When CRUD is mentioned in the context of repositories or data it is an abbreviation for Create, Retrieve, Update, Delete. These are the common actions that data interactions fall under so although you may use different named methods like Get, Save, Update, Remove you are basically adhering to the CRUD concept, so it is more a notion than a pattern.

I dislike this approach and I have a better approach which is more isolated, more reuseable and also more flexible. As some of the problems with the former approach is that you tend to keep dumping all your logic into your repositories, so your UserRepository goes from having the basic CRUD methods to having lots of business logic which will keep snowballing every time you want to add more query types.

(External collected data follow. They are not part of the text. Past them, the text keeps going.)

definition missing_pairs :: "('a \<Rightarrow> 'a \<Rightarrow> bool) \<Rightarrow> 'a \<Rightarrow> ('a \<times> 'a) set" where
  "missing_pairs E v = {(u, w). E v u \<and> E v w \<and> u \<noteq> w \<and> \<not> E u w}"

locale graph =
  fixes V :: "'a set" and E :: "'a \<Rightarrow> 'a \<Rightarrow> bool"
  assumes simple: "simple_graph V E"
begin

lemma finite_V: "finite V"
  and edge_in_V: "E u v \<Longrightarrow> u \<in> V \<and> v \<in> V"
  and edge_sym: "E u v \<Longrightarrow> E v u"
  and not_edge_refl: "\<not> E v v"
  using simple unfolding simple_graph_def by blast+

lemma nbhd_subset_V: "nbhd E v \<subseteq> V"
  using edge_in_V unfolding nbhd_def by blast

lemma finite_nbhd: "finite (nbhd E v)"
  using finite_subset[OF nbhd_subset_V finite_V] .

lemma finite_twins: "finite (twins V E v)"
  using finite_V unfolding twins_def by simp

lemma degree_eq_card_nbhd: "degree V E v = card (nbhd E v)"
  unfolding degree_def nbhd_def using edge_in_V by metis

lemma not_mem_nbhd_self: "v \<notin> nbhd E v"
  unfolding nbhd_def using not_edge_refl by simp

lemma mem_closed_nbhd_commute: "u \<in> closed_nbhd E v \<longleftrightarrow> v \<in> closed_nbhd E u"
  unfolding closed_nbhd_def nbhd_def using edge_sym by blast

lemma self_mem_twins: "v \<in> V \<Longrightarrow> v \<in> twins V E v"
  unfolding twins_def by simp
lemma A_alt_path_end_deg:
  assumes "finite M" "A_alt_path V E M i vs"
  shows "2 \<le> deg M (vs ! (2*i+2))"
proof -
  obtain Q where Q: "vs ! (2*i+1) \<in> set Q"
      "cycle_comp V M Q \<or> path_comp V M Q \<and> vs ! (2*i+2) \<notin> {hd Q, last Q}"
    using assms(2) unfolding A_alt_path_def by blast
  have edge: "{vs ! (2*i+1), vs ! (2*i+2)} \<in> M" and end_V: "vs ! (2*i+2) \<in> V"
    using assms(2) unfolding A_alt_path_def by (auto dest: nth_mem)
  have comp: "set Q = component_of V M (hd Q)"
    using Q(2) unfolding cycle_comp_def path_comp_def by auto
  have end_Q: "vs ! (2*i+2) \<in> set Q"
    unfolding comp by (rule component_of_closed[OF _ edge end_V]) (use Q(1) comp in simp)
  from Q(2) show ?thesis
  proof
    assume "cycle_comp V M Q"
    then show ?thesis using two_le_deg_cycle_comp[OF assms(1) _ end_Q] by simp
  next
    assume "path_comp V M Q \<and> vs ! (2*i+2) \<notin> {hd Q, last Q}"
    then show ?thesis using two_le_deg_path_comp[OF assms(1) _ end_Q] by blast
  qed
qed

lemma A_alt_path_swap_deg:
  assumes "finite M" "two_matching V E M" "vs ! 0 \<in> singletons V M"
    and "A_alt_path V E M i vs" "v \<in> V"
  defines "M' \<equiv> M - removed_edges vs i \<union> added_edges vs i"
  shows "deg M' v \<le> 2 \<and> (deg M' v = 0 \<longleftrightarrow> deg M v = 0 \<and> v \<noteq> vs ! 0)"
proof -
  have vs: "distinct vs" "length vs = 2 * i + 3" using A_alt_path_distinct_length[OF assms(4)] by auto
  have swap: "deg M' v + (if v = vs ! (2*i+2) then 1 else 0) = deg M v + (if v = vs ! 0 then 1 else 0)"
    unfolding M'_def using deg_alternating_swap[OF assms(1) vs] A_alt_path_removed_edges[OF assms(4)]
      A_alt_path_added_edges[OF assms(4)] by blast
  have "deg M v \<le> 2" "deg M (vs ! 0) = 0" "vs ! 0 \<noteq> vs ! (2*i+2)"
    using assms(2,3,5) vs unfolding two_matching_def singletons_def by (auto simp: nth_eq_iff_index_eq)
  then show ?thesis
    using swap A_alt_path_end_deg[OF assms(1,4)] by (auto split: if_splits)
qed

theorem mainTheorem2:
  fixes V :: "'a set" and E M :: "'a set set" and i :: nat and vs :: "'a list"
  assumes "simple_graph V E"
    and "max_two_matching V E M"
    and "vs ! 0 \<in> singletons V M"
    and "A_alt_path V E M i vs"
  shows "max_two_matching V E
           ((M - {{vs ! (2*j+1), vs ! (2*j+2)} | j. j \<le> i}) \<union> {{vs ! (2*j), vs ! (2*j+1)} | j. j \<le> i})
       \<and> card (singletons V
           ((M - {{vs ! (2*j+1), vs ! (2*j+2)} | j. j \<le> i}) \<union> {{vs ! (2*j), vs ! (2*j+1)} | j. j \<le> i}))
           + 1 = card (singletons V M)"
proof -
  define M' where "M' = M - removed_edges vs i \<union> added_edges vs i"
  have M: "two_matching V E M" "\<And>N. two_matching V E N \<Longrightarrow> card N \<le> card M"
    using assms(2) unfolding max_two_matching_def by auto
  have finM: "finite M"
    using M(1) simple_graph_finite_edges[OF assms(1)] unfolding two_matching_def by (auto intro: finite_subset)
  note deg' = A_alt_path_swap_deg[OF finM M(1) assms(3,4), folded M'_def]
  have "two_matching V E M'"
    using M(1) A_alt_path_added_edges[OF assms(4)] deg' unfolding two_matching_def M'_def by blast
  moreover have "card M' = card M"
    unfolding M'_def using A_alt_path_distinct_length[OF assms(4)] A_alt_path_removed_edges[OF assms(4)]
      A_alt_path_added_edges[OF assms(4)] finM
    by (intro card_Diff_Un_eq) (auto simp: card_removed_edges_eq_added_edges added_edges_eq)
  ultimately have "max_two_matching V E M'" using M unfolding max_two_matching_def by simp
  moreover have "singletons V M' = singletons V M - {vs ! 0}"
    unfolding singletons_def using deg' by auto
  moreover have "0 < card (singletons V M)"
    using assms(1,3) unfolding simple_graph_def singletons_def by (auto simp: card_gt_0_iff)
  ultimately show ?thesis
    using assms(3) unfolding M'_def removed_edges_def added_edges_def
    by (simp add: card_Diff_singleton)
qed

end
definition is_mono :: "('a \<Rightarrow> 'a \<Rightarrow> bool) \<Rightarrow> 'a set \<Rightarrow> 'a set \<Rightarrow> ('a \<Rightarrow> 'a) \<Rightarrow> bool" where
  "is_mono E A B f \<longleftrightarrow> is_hom E A B f \<and> inj_on f A"

definition HE_homogeneous :: "'a set \<Rightarrow> ('a \<Rightarrow> 'a \<Rightarrow> bool) \<Rightarrow> bool" where
  "HE_homogeneous V E \<longleftrightarrow>
     (\<forall>A B f. finite A \<and> A \<subseteq> V \<and> finite B \<and> B \<subseteq> V \<and> is_hom E A B f \<longrightarrow>
        (\<exists>g. is_hom E V V g \<and> g ` V = V \<and> (\<forall>x\<in>A. g x = f x)))"

definition MB_homogeneous :: "'a set \<Rightarrow> ('a \<Rightarrow> 'a \<Rightarrow> bool) \<Rightarrow> bool" where
  "MB_homogeneous V E \<longleftrightarrow>
     (\<forall>A B f. finite A \<and> A \<subseteq> V \<and> finite B \<and> B \<subseteq> V \<and> is_mono E A B f \<longrightarrow>
        (\<exists>g. is_hom E V V g \<and> bij_betw g V V \<and> (\<forall>x\<in>A. g x = f x)))"

end

theory Submission
  imports Defs
begin

text \<open>
  In an HE-homogeneous graph, the map folding an edge d--e onto d and fixing a finite set X of
  other neighbours of d extends to an endomorphism, which sends d to a common neighbour of X and d.
  Together with connectedness and infinity this gives every vertex infinite degree, and then every
  finite set with one common neighbour has infinitely many. A finite partial monomorphism f now
  extends forwards to any vertex x: an endomorphism g extending f makes g x a common neighbour of
  the images of the neighbours of x, so such common neighbours exist outside the range of f.
  It extends backwards to any y via a preimage of y under a surjective endomorphism extending f.
  Back-and-forth along an enumeration of the vertices yields a bimorphism.
\<close>

section \<open>Back-and-forth\<close>

definition extends :: "'a set \<times> ('a \<Rightarrow> 'b) \<Rightarrow> 'a set \<times> ('a \<Rightarrow> 'b) \<Rightarrow> bool" where
  "extends s s' \<longleftrightarrow> fst s \<subseteq> fst s' \<and> (\<forall>x\<in>fst s. snd s' x = snd s x)"

lemma extends_refl: "extends s s"
  by (simp add: extends_def)

lemma extends_trans: "extends s1 s2 \<Longrightarrow> extends s2 s3 \<Longrightarrow> extends s1 s3"
  by (auto simp: extends_def)

lemma back_and_forth:
  fixes P :: "'a set \<times> ('a \<Rightarrow> 'a) \<Rightarrow> bool"
  assumes "countable V"
    and partial_bij: "\<And>s. P s \<Longrightarrow> fst s \<subseteq> V \<and> snd s ` fst s \<subseteq> V \<and> inj_on (snd s) (fst s)"
    and extend: "\<And>s x. P s \<Longrightarrow> x \<in> V \<Longrightarrow>
      \<exists>s'. P s' \<and> extends s s' \<and> x \<in> fst s' \<and> x \<in> snd s' ` fst s'"
    and "P s0"
  shows "\<exists>g. bij_betw g V V \<and> extends s0 (V, g)
           \<and> (\<forall>x\<in>V. \<forall>y\<in>V. \<exists>s. P s \<and> extends s (V, g) \<and> x \<in> fst s \<and> y \<in> fst s)"
proof (cases "V = {}")
  case True
  then show ?thesis
    using partial_bij[OF \<open>P s0\<close>] by (intro exI[of _ id]) (auto simp: extends_def)
next
  case False
  define en where "en = from_nat_into V"
  define S where "S = rec_nat s0
    (\<lambda>n s. SOME s'. P s' \<and> extends s s' \<and> en n \<in> fst s' \<and> en n \<in> snd s' ` fst s')"
  have S_Suc: "P (S n) \<and> P (S (Suc n)) \<and> extends (S n) (S (Suc n))
      \<and> en n \<in> fst (S (Suc n)) \<and> en n \<in> snd (S (Suc n)) ` fst (S (Suc n))" for n
  proof (induction n)
    case 0
    show ?case
      using someI_ex[OF extend[OF \<open>P s0\<close> from_nat_into[OF False]]] \<open>P s0\<close>
      by (simp add: S_def en_def)
  next
    case (Suc n)
    then show ?case
      using someI_ex[OF extend[of "S (Suc n)" "en (Suc n)"]] from_nat_into[OF False]
      by (simp add: S_def en_def)
  qed
  have S_mono: "extends (S m) (S n)" if "m \<le> n" for m n
    using that by (induction rule: dec_induct) (use S_Suc extends_refl extends_trans in blast)+
  define i where "i x = Suc (to_nat_on V x)" for x
  have in_S_i: "x \<in> fst (S (i x))" if "x \<in> V" for x
    using S_Suc[of "to_nat_on V x"] from_nat_into_to_nat_on[OF \<open>countable V\<close> that]
    by (simp add: i_def en_def)
  define g where "g x = snd (S (i x)) x" for x
  have extends_g: "extends (S k) (V, g)" for k
    unfolding extends_def
  proof (intro conjI ballI)
    show "fst (S k) \<subseteq> fst (V, g)"
      using partial_bij S_Suc by simp
    fix x assume x: "x \<in> fst (S k)"
    have "x \<in> V"
      using x partial_bij S_Suc by blast
    define m where "m = max k (i x)"
    have "snd (S m) x = snd (S k) x" "snd (S m) x = g x"
      using S_mono[of k m] S_mono[of "i x" m] x in_S_i[OF \<open>x \<in> V\<close>]
      by (auto simp: m_def g_def extends_def)
    then show "snd (V, g) x = snd (S k) x" by simp
  qed
  have approx: "\<exists>k. x \<in> fst (S k) \<and> y \<in> fst (S k)" if "x \<in> V" "y \<in> V" for x y
  proof -
    have "extends (S (i x)) (S (max (i x) (i y)))" "extends (S (i y)) (S (max (i x) (i y)))"
      by (simp_all add: S_mono)
    then show ?thesis
      using in_S_i[OF \<open>x \<in> V\<close>] in_S_i[OF \<open>y \<in> V\<close>] by (auto simp: extends_def)
  qed
  have S_bij: "fst (S k) \<subseteq> V" "snd (S k) ` fst (S k) \<subseteq> V" "inj_on (snd (S k)) (fst (S k))" for k
    using partial_bij S_Suc by blast+
  have g_S: "g x = snd (S k) x" if "x \<in> fst (S k)" for x k
    using extends_g[of k] that by (simp add: extends_def)
  have "bij_betw g V V"
    unfolding bij_betw_def
  proof (intro conjI inj_onI subset_antisym subsetI)
    fix x y assume "x \<in> V" "y \<in> V" "g x = g y"
    then obtain k where "x \<in> fst (S k)" "y \<in> fst (S k)" "snd (S k) x = snd (S k) y"
      using approx g_S by metis
    then show "x = y"
      using S_bij(3) by (blast dest: inj_onD)
  next
    fix z assume "z \<in> g ` V"
    then obtain x where "x \<in> V" "z = snd (S (i x)) x"
      using g_def by blast
    then show "z \<in> V"
      using S_bij(2) in_S_i by blast
  next
    fix y assume y: "y \<in> V"
    define n where "n = to_nat_on V y"
    have "y \<in> snd (S (Suc n)) ` fst (S (Suc n))"
      using S_Suc[of n] from_nat_into_to_nat_on[OF \<open>countable V\<close> y] by (simp add: n_def en_def)
    then show "y \<in> g ` V"
      using S_bij(1) g_S by force
  qed
  moreover have "extends s0 (V, g)"
    using extends_g[of 0] by (simp add: S_def)
  ultimately show ?thesis
    using approx extends_g S_Suc by blast
qed

section \<open>Common neighbours in HE-homogeneous graphs\<close>

lemma graph_sym: "graph V E \<Longrightarrow> E x y \<Longrightarrow> E y x"
  and graph_vertices: "graph V E \<Longrightarrow> E x y \<Longrightarrow> x \<in> V \<and> y \<in> V"
  and graph_irrefl: "graph V E \<Longrightarrow> \<not> E x x"
  by (auto simp: graph_def)

lemma HE_homogeneousD:
  "HE_homogeneous V E \<Longrightarrow> finite A \<Longrightarrow> A \<subseteq> V \<Longrightarrow> finite B \<Longrightarrow> B \<subseteq> V \<Longrightarrow> is_hom E A B f
   \<Longrightarrow> \<exists>g. is_hom E V V g \<and> g ` V = V \<and> (\<forall>x\<in>A. g x = f x)"
  unfolding HE_homogeneous_def by blast

lemma infinite_if_subsets_of_every_card:
  assumes "\<And>n. \<exists>T\<subseteq>A. finite T \<and> card T = n"
  shows "infinite A"
proof
  assume "finite A"
  obtain T where "T \<subseteq> A" "card T = Suc (card A)"
    using assms[of "Suc (card A)"] by blast
  then show False
    using card_mono[OF \<open>finite A\<close> \<open>T \<subseteq> A\<close>] by simp
qed

lemma rtranclp_exits_set:
  assumes "E\<^sup>*\<^sup>* a b" "a \<in> K" "b \<notin> K"
  shows "\<exists>u\<in>K. \<exists>t. t \<notin> K \<and> E u t"
  using assms by (induction rule: rtranclp_induct) blast+

lemma HE_common_neighbour_insert:
  assumes G: "graph V E" and H: "HE_homogeneous V E" and "finite X" "X \<subseteq> V"
    and d: "\<forall>x\<in>X. E d x" and "E d e" "e \<notin> X"
  shows "\<exists>z. E z d \<and> (\<forall>x\<in>X. E z x)"
proof -
  define f where "f = (\<lambda>y. if y = e then d else y)"
  have "d \<in> V" "e \<in> V"
    using graph_vertices[OF G \<open>E d e\<close>] by auto
  have "is_hom E (insert e X) (insert d X) f"
    using d graph_sym[OF G] graph_irrefl[OF G] by (auto simp: is_hom_def f_def)
  then obtain g where g: "is_hom E V V g" "\<forall>x\<in>insert e X. g x = f x"
    using HE_homogeneousD[OF H] assms(3,4) \<open>d \<in> V\<close> \<open>e \<in> V\<close> by (metis finite_insert insert_subset)
  have adj: "E (g d) (g x)" if "x \<in> insert e X" for x
    using g(1) that d \<open>E d e\<close> \<open>X \<subseteq> V\<close> \<open>d \<in> V\<close> \<open>e \<in> V\<close> unfolding is_hom_def by blast
  have "E (g d) d"
    using adj[of e] g(2) by (simp add: f_def)
  moreover have "E (g d) x" if "x \<in> X" for x
  proof -
    have "x \<noteq> e"
      using that \<open>e \<notin> X\<close> by blast
    then show ?thesis
      using adj[of x] g(2) that by (simp add: f_def)
  qed
  ultimately show ?thesis
    by blast
qed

Whats Wrong With Existing Approaches?

As all the logic for getting data from the underlying data source (be it a database, in memory list, xml file etc) is contained at the repository level, if you want to have a method in another repository access the logic you need to have one repository access another, i.e.

public class SkillsRepository : IRepository
{
   public GroupRepository GroupRepository {get;} // set via constructor? assuming no interface, should probably have one too

   public IEnumerable<Skills> GetAllSkillsFromGroup() { ... } // Call group repo to get users in group then extract all their skills
}

So this in best case causes interdependencies between repositories, and at worst case can cause circular dependencies which are going to cause you a big headace. You may be luck and you never need to share logic between repositories, or you may just copy the query logic over which isnt very DRY of you, but it will at least get the job done.

So the problems with the original touted design is:

  • Implementation per model type

  • Lots of implementations to maintain

  • Potentially become dumping grounds with each new permutation of logic needed

  • Can lead to circular dependencies or lots of duplicated logic

So with this in mind lets look at a slightly modified approach which offers another perspective on the same problem and removes most of the negatives.

Making the repository

Let's start off with making a repository interface which almost all examples will agree upon.

public interface IRepository<TItem, TKey>
{
    TItem Retrieve(TKey key);
    void Create(TItem item);
    void Update(TItem item);
    void Delete(TItem item);
}

So before we go any further lets just go over the basics. The interface has 2 generic types, the first being the data object that is to be retrieved and stored, like your Item, Player, Quest etc, the second being the type of the key/identifier for this resource.

The key is sometimes omitted if you are not working purely with relational databases, so within here we will simplify and remove the key type generic but keep in mind you may need it.

So now we have shown the vanilla repository we will start to differentiate from the majority of other patterns and we add the notion of an Execute method and replace Get with Find method. We will also remove the key type as Find allows us more flexibility here.

public interface IRepository<TItem>
{
    void Create(TItem item);
    void Retrieve(Guid id);
    void Update(TItem item);
    void Delete(TItem item);
    
    IEnumerable<TItem> Find(IFindQuery<TItem> query);
    T Query<T>(IQuery<T> query);
}

So as you can see here we now have a way to get a collection of TItem instances from the data source, as well as provide a way to execute some logic against the data source.

Modelling the queries

The interfaces for the queries would look like:

// Represents the most basic type of query
public interface IQuery<T>
{
    T Query(IDbConnection connection);
}

// Represents a query that returns a collection of data
public interface IFindQuery<T> : IQuery<IEnumerable<T>>
{
    IEnumerable<T> Query(IDbConnection connection);
}

As we are using a database as our example data store here (for simplicity), you may have a different kind of data store in your scenario such as a 3rd party API for storing data or a local file etc.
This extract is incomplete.